The Charity Governance Code, which was revamped last year, is voluntary and is designed to help charities and not-for-profit organisations develop high standards of governance.

It is overseen by a steering group chaired by Chapman and comprising organisations including the NCVO, the chief executives body Acevo and the Association of Chairs.

In a letter to the NCVO, published on her website, Chapman says she welcomes the NCVO’s leadership role in drawing up a new code of ethics and exploring what new mechanisms might be put in place in areas including safeguarding and workplace practices and culture.

But she says she wonders if there is a missed opportunity in not using the existing Charity Governance Code for this purpose, particularly because there is considerable of overlap between the two documents.

"I believe the Charity Governance Code is an important tool in enabling the sector to be stronger," she says. "It is getting traction in the sector and is increasingly recognised as the source of governance best practice.

"I wonder if the creation of another code will attract the same attention or, instead, whether its purpose might be confusing for organisations and so hinder or undermine its important messages."
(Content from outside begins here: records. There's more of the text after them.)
(* Let $M>0$ and assume (Amax) and (Amin). Then the closure $\mathrm{Cl}(\mathcal D(M))$ of $\mathcal D(M)$ in $L^\infty([0,1])$ (supremum norm) is a compact subset of $C^0([0,1])$.
   Context: Fix integers $K\ge1$, $d\ge1$, $\sigma_-\in(0,1)$; $[K']=\{1,\dots,K'\}$; $\Delta_{K'}$ = probability vectors on $[K']$; $\Sigma^{\sigma_-}_{K'}$ = $K'\times K'$ stochastic matrices with all entries $\ge\sigma_-$; $\mathbb R_d[X]$ = real polynomials of degree $\le d$ viewed as functions on $\mathbb R_+$; $\Gamma$ a compact (for pointwise convergence) set of probability densities on $\mathbb R$. $\Theta=\bigcup_{K'=1}^K\{[K']\}\times\Delta_{K'}\times\Sigma^{\sigma_-}_{K'}\times\Gamma^{K'}\times(\mathbb R_d[X])^{K'}$, elements $\theta=(K^\theta,\pi^\theta,Q^\theta,\gamma^\theta,T^\theta)$ with trends $T^\theta_x\in\mathbb R_d[X]$. The true parameter is $\theta^*=(K^*,\pi^*,Q^*,\gamma^*,T^* )\in\Theta$. (Amax): there is a nonincreasing $g:\mathbb R_+\to\mathbb R_+$, $g\to0$ at $\infty$, with $\gamma(z)\le g(|z|)$ for all $\gamma\in\Gamma$. (Amin): there is a nonincreasing $m$ with $\gamma(z)\ge m(|z|)>0$ for all $\gamma\in\Gamma$. Blocks. $x\mathcal R^*x'$ iff $T^*_x-T^*_{x'}$ is constant; $\mathcal B^*=[K^*]/\mathcal R^*$, $\mathbf b^*$ the quotient map; $\mathbb T^*_b=T^*_{\min b}$; $\Delta(x)=T^*_x(1)-\mathbb T^*_{\mathbf b^*(x)}(1)$, $\|\Delta\|_\infty=\max_x|\Delta(x)|$. $E(t)=\min_{b\ne b'}|\mathbb T^*_b(t)-\mathbb T^*_{b'}(t)|$ ($+\infty$ if one block), $n_1(M)=\inf\{n:\forall t\ge n,\ E(t)>2M\}$. $\Theta^{OK}_n(M)$ is the set of $\theta\in\Theta$ such that every $x^*\in[K^*]$ has some $x\in[K^\theta]$ with $\sup_{[0,n]}|T^*_{x^*}-T^\theta_x|\le M$, and every $x\in[K^\theta]$ has some $x^*$ with $\sup_{[0,n]}|T^*_{x^*}-T^\theta_x|\le M$. For $n\ge n_1(M+\|\Delta\|_\infty)$ and $\theta\in\Theta^{OK}_n(M)$, $\mathbf b^\theta(x)$ is the unique $b\in\mathcal B^*$ with $\max_{t\in\{1,\dots,n\}}|\mathbb T^*_b(t)-T^\theta_x(t)|\le M+\|\Delta\|_\infty$, and $D^{\theta,n}_x:u\in[0,1]\mapsto T^\theta_x(nu)-\mathbb T^*_{\mathbf b^\theta(x)}(nu)$. Finally $\mathcal D(M)=\bigcup_{n\ge\max(4K(d+1),\,n_1(M+\|\Delta\|_\infty))}\{D^{\theta,n}_x:\theta\in\Theta^{OK}_n(M),x\in[K^\theta]\}$. *)

theory Defs
  imports "HOL-Analysis.Analysis" "HOL-Computational_Algebra.Polynomial"
begin

text \<open>A parameter theta = (K', pi, Q, gamma, T); states are indexed by 1..K'.\<close>
type_synonym param =
  "nat \<times> (nat \<Rightarrow> real) \<times> (nat \<Rightarrow> nat \<Rightarrow> real) \<times> (nat \<Rightarrow> real \<Rightarrow> real) \<times> (nat \<Rightarrow> real poly)"

definition prob_density :: "(real \<Rightarrow> real) \<Rightarrow> bool" where
  "prob_density g \<longleftrightarrow> g \<in> borel_measurable borel \<and> (\<forall>z. 0 \<le> g z) \<and>
     (\<integral>\<^sup>+ z. ennreal (g z) \<partial>lborel) = 1"

definition prob_vectors :: "nat \<Rightarrow> (nat \<Rightarrow> real) set" where
  "prob_vectors K' = {p. (\<forall>x\<in>{1..K'}. 0 \<le> p x) \<and> (\<Sum>x=1..K'. p x) = 1}"

definition stoch_matrices :: "real \<Rightarrow> nat \<Rightarrow> (nat \<Rightarrow> nat \<Rightarrow> real) set" where
  "stoch_matrices s K' = {Q. (\<forall>x\<in>{1..K'}. \<forall>y\<in>{1..K'}. s \<le> Q x y) \<and>
                            (\<forall>x\<in>{1..K'}. (\<Sum>y=1..K'. Q x y) = 1)}"

definition Theta :: "nat \<Rightarrow> nat \<Rightarrow> real \<Rightarrow> (real \<Rightarrow> real) set \<Rightarrow> param set" where
  "Theta K d s \<Gamma> = {(K', p, Q, g, T). 1 \<le> K' \<and> K' \<le> K \<and> p \<in> prob_vectors K' \<and>
       Q \<in> stoch_matrices s K' \<and> (\<forall>x\<in>{1..K'}. g x \<in> \<Gamma>) \<and> (\<forall>x\<in>{1..K'}. degree (T x) \<le> d)}"

text \<open>Blocks of the true trends (Ks = K*, Ts = T*).\<close>
definition blockrel :: "nat \<Rightarrow> (nat \<Rightarrow> real poly) \<Rightarrow> (nat \<times> nat) set" where
  "blockrel Ks Ts = {(x, x'). x \<in> {1..Ks} \<and> x' \<in> {1..Ks} \<and>
       (\<exists>c. \<forall>t\<ge>0. poly (Ts x) t - poly (Ts x') t = c)}"

definition blocks :: "nat \<Rightarrow> (nat \<Rightarrow> real poly) \<Rightarrow> nat set set" where
  "blocks Ks Ts = {1..Ks} // blockrel Ks Ts"

definition bstar :: "nat \<Rightarrow> (nat \<Rightarrow> real poly) \<Rightarrow> nat \<Rightarrow> nat set" where
  "bstar Ks Ts x = blockrel Ks Ts `` {x}"

definition btrend :: "(nat \<Rightarrow> real poly) \<Rightarrow> nat set \<Rightarrow> real poly" where
  "btrend Ts b = Ts (Min b)"

definition Delta :: "nat \<Rightarrow> (nat \<Rightarrow> real poly) \<Rightarrow> nat \<Rightarrow> real" where
  "Delta Ks Ts x = poly (Ts x) 1 - poly (btrend Ts (bstar Ks Ts x)) 1"

definition Delta_norm :: "nat \<Rightarrow> (nat \<Rightarrow> real poly) \<Rightarrow> real" where
  "Delta_norm Ks Ts = Max ((\<lambda>x. \<bar>Delta Ks Ts x\<bar>) ` {1..Ks})"

definition Egap :: "nat \<Rightarrow> (nat \<Rightarrow> real poly) \<Rightarrow> real \<Rightarrow> ereal" where
  "Egap Ks Ts t = (if \<exists>b\<in>blocks Ks Ts. \<exists>b'\<in>blocks Ks Ts. b \<noteq> b'
     then Min {ereal \<bar>poly (btrend Ts b) t - poly (btrend Ts b') t\<bar> | b b'.
                 b \<in> blocks Ks Ts \<and> b' \<in> blocks Ks Ts \<and> b \<noteq> b'}
     else \<infinity>)"

definition n1 :: "nat \<Rightarrow> (nat \<Rightarrow> real poly) \<Rightarrow> real \<Rightarrow> nat" where
  "n1 Ks Ts M = Inf {n::nat. \<forall>t\<ge>real n. Egap Ks Ts t > ereal (2 * M)}"

definition ThetaOK :: "nat \<Rightarrow> nat \<Rightarrow> real \<Rightarrow> (real \<Rightarrow> real) set \<Rightarrow> nat \<Rightarrow> (nat \<Rightarrow> real poly)
     \<Rightarrow> nat \<Rightarrow> real \<Rightarrow> param set" where
  "ThetaOK K d s \<Gamma> Ks Ts n M = {\<theta> \<in> Theta K d s \<Gamma>. case \<theta> of (K', p, Q, g, T) \<Rightarrow>
      (\<forall>xs\<in>{1..Ks}. \<exists>x\<in>{1..K'}. \<forall>t\<in>{0..real n}. \<bar>poly (Ts xs) t - poly (T x) t\<bar> \<le> M) \<and>
      (\<forall>x\<in>{1..K'}. \<exists>xs\<in>{1..Ks}. \<forall>t\<in>{0..real n}. \<bar>poly (Ts xs) t - poly (T x) t\<bar> \<le> M)}"

definition btheta :: "nat \<Rightarrow> (nat \<Rightarrow> real poly) \<Rightarrow> (nat \<Rightarrow> real poly) \<Rightarrow> nat \<Rightarrow> real \<Rightarrow> nat \<Rightarrow> nat set" where
  "btheta Ks Ts T n M x = (THE b. b \<in> blocks Ks Ts \<and>
      Max ((\<lambda>t::nat. \<bar>poly (btrend Ts b) (real t) - poly (T x) (real t)\<bar>) ` {1..n})
        \<le> M + Delta_norm Ks Ts)"

definition Dfun :: "nat \<Rightarrow> (nat \<Rightarrow> real poly) \<Rightarrow> (nat \<Rightarrow> real poly) \<Rightarrow> nat \<Rightarrow> real \<Rightarrow> nat \<Rightarrow> real \<Rightarrow> real" where
  "Dfun Ks Ts T n M x = restrict (\<lambda>u. poly (T x) (real n * u)
       - poly (btrend Ts (btheta Ks Ts T n M x)) (real n * u)) {0..1}"

definition Dset :: "nat \<Rightarrow> nat \<Rightarrow> real \<Rightarrow> (real \<Rightarrow> real) set \<Rightarrow> nat \<Rightarrow> (nat \<Rightarrow> real poly)
     \<Rightarrow> real \<Rightarrow> (real \<Rightarrow> real) set" where
  "Dset K d s \<Gamma> Ks Ts M = (\<Union>n \<in> {n. max (4 * K * (d + 1)) (n1 Ks Ts (M + Delta_norm Ks Ts)) \<le> n}.
      {Dfun Ks Ts (snd (snd (snd (snd \<theta>)))) n M x | \<theta> x.
         \<theta> \<in> ThetaOK K d s \<Gamma> Ks Ts n M \<and> x \<in> {1..fst \<theta>}})"

abbreviation Linf01 :: "(real \<Rightarrow> real) metric" where
  "Linf01 \<equiv> funspace {0..1} euclidean_metric"

abbreviation C01 :: "(real \<Rightarrow> real) metric" where
  "C01 \<equiv> cfunspace (top_of_set {0..1}) euclidean_metric"

end

theory Submission
  imports Defs
begin

text \<open>Every element of \<open>D(M)\<close> is the restriction to \<open>[0,1]\<close> of a polynomial of degree at
  most \<open>d\<close> bounded by \<open>B = M + Delta_norm\<close>: beyond \<open>n1\<close> distinct block trends are more than
  \<open>2B\<close> apart, so the block chosen for a fitted trend \<open>T x\<close> is the block of a true state whose
  trend stays within \<open>M\<close> of it on \<open>[0,n]\<close>, and the rescaled difference is then bounded by \<open>B\<close>.
  Lagrange interpolation at the nodes \<open>i/d\<close> places these polynomials inside the continuous
  image of the compact box \<open>[-B,B]\<^sup>d\<^sup>+\<^sup>1\<close> in the sup norm, and the closure of a subset of a
  compact set of continuous functions is a compact set of continuous functions.\<close>

section \<open>Lagrange interpolation\<close>

definition lagrange_basis :: "(nat \<Rightarrow> 'a::field) \<Rightarrow> nat \<Rightarrow> nat \<Rightarrow> 'a poly" where
  "lagrange_basis x d i = (\<Prod>j\<in>{0..d}-{i}. smult (1 / (x i - x j)) [:- x j, 1:])"

lemma degree_lagrange_basis:
  assumes "i \<le> d"
  shows "degree (lagrange_basis x d i) \<le> d"
proof -
  have "degree (lagrange_basis x d i)
      \<le> sum (degree \<circ> (\<lambda>j. smult (1 / (x i - x j)) [:- x j, 1:])) ({0..d}-{i})"
    unfolding lagrange_basis_def by (rule degree_prod_sum_le) simp
  also have "\<dots> \<le> sum (\<lambda>_. 1) ({0..d}-{i})"
    by (rule sum_mono) (simp add: degree_smult_le)
  also have "\<dots> \<le> d" using assms by simp
  finally show ?thesis .
qed

lemma poly_lagrange_basis_node:
  assumes "inj_on x {0..d}" "i \<le> d" "k \<le> d"
  shows "poly (lagrange_basis x d i) (x k) = (if i = k then 1 else 0)"
proof (cases "i = k")
  case True
  have "x k - x j \<noteq> 0" if "j \<in> {0..d}-{i}" for j
    using that True assms by (auto dest: inj_onD)
  then show ?thesis
    using True
    by (auto simp: lagrange_basis_def poly_prod diff_divide_distrib[symmetric] intro!: prod.neutral)
next
  case False
  then show ?thesis
    using assms by (auto simp: lagrange_basis_def poly_prod intro!: prod_zero bexI[of _ k])
qed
Chapman’s letter adds: "I wonder therefore whether there might be scope to either develop the Charity Governance Code to reflect any key elements within the draft Code of Ethics that are not already covered by the Charity Governance Code and/or to develop supporting guidance in this area to support the existing version of the Charity Governance Code."

An NCVO spokesman welcomed the feedback and said the organisation wanted to encourage everyone with an interest to read the code and give their views before the deadline on 26 September.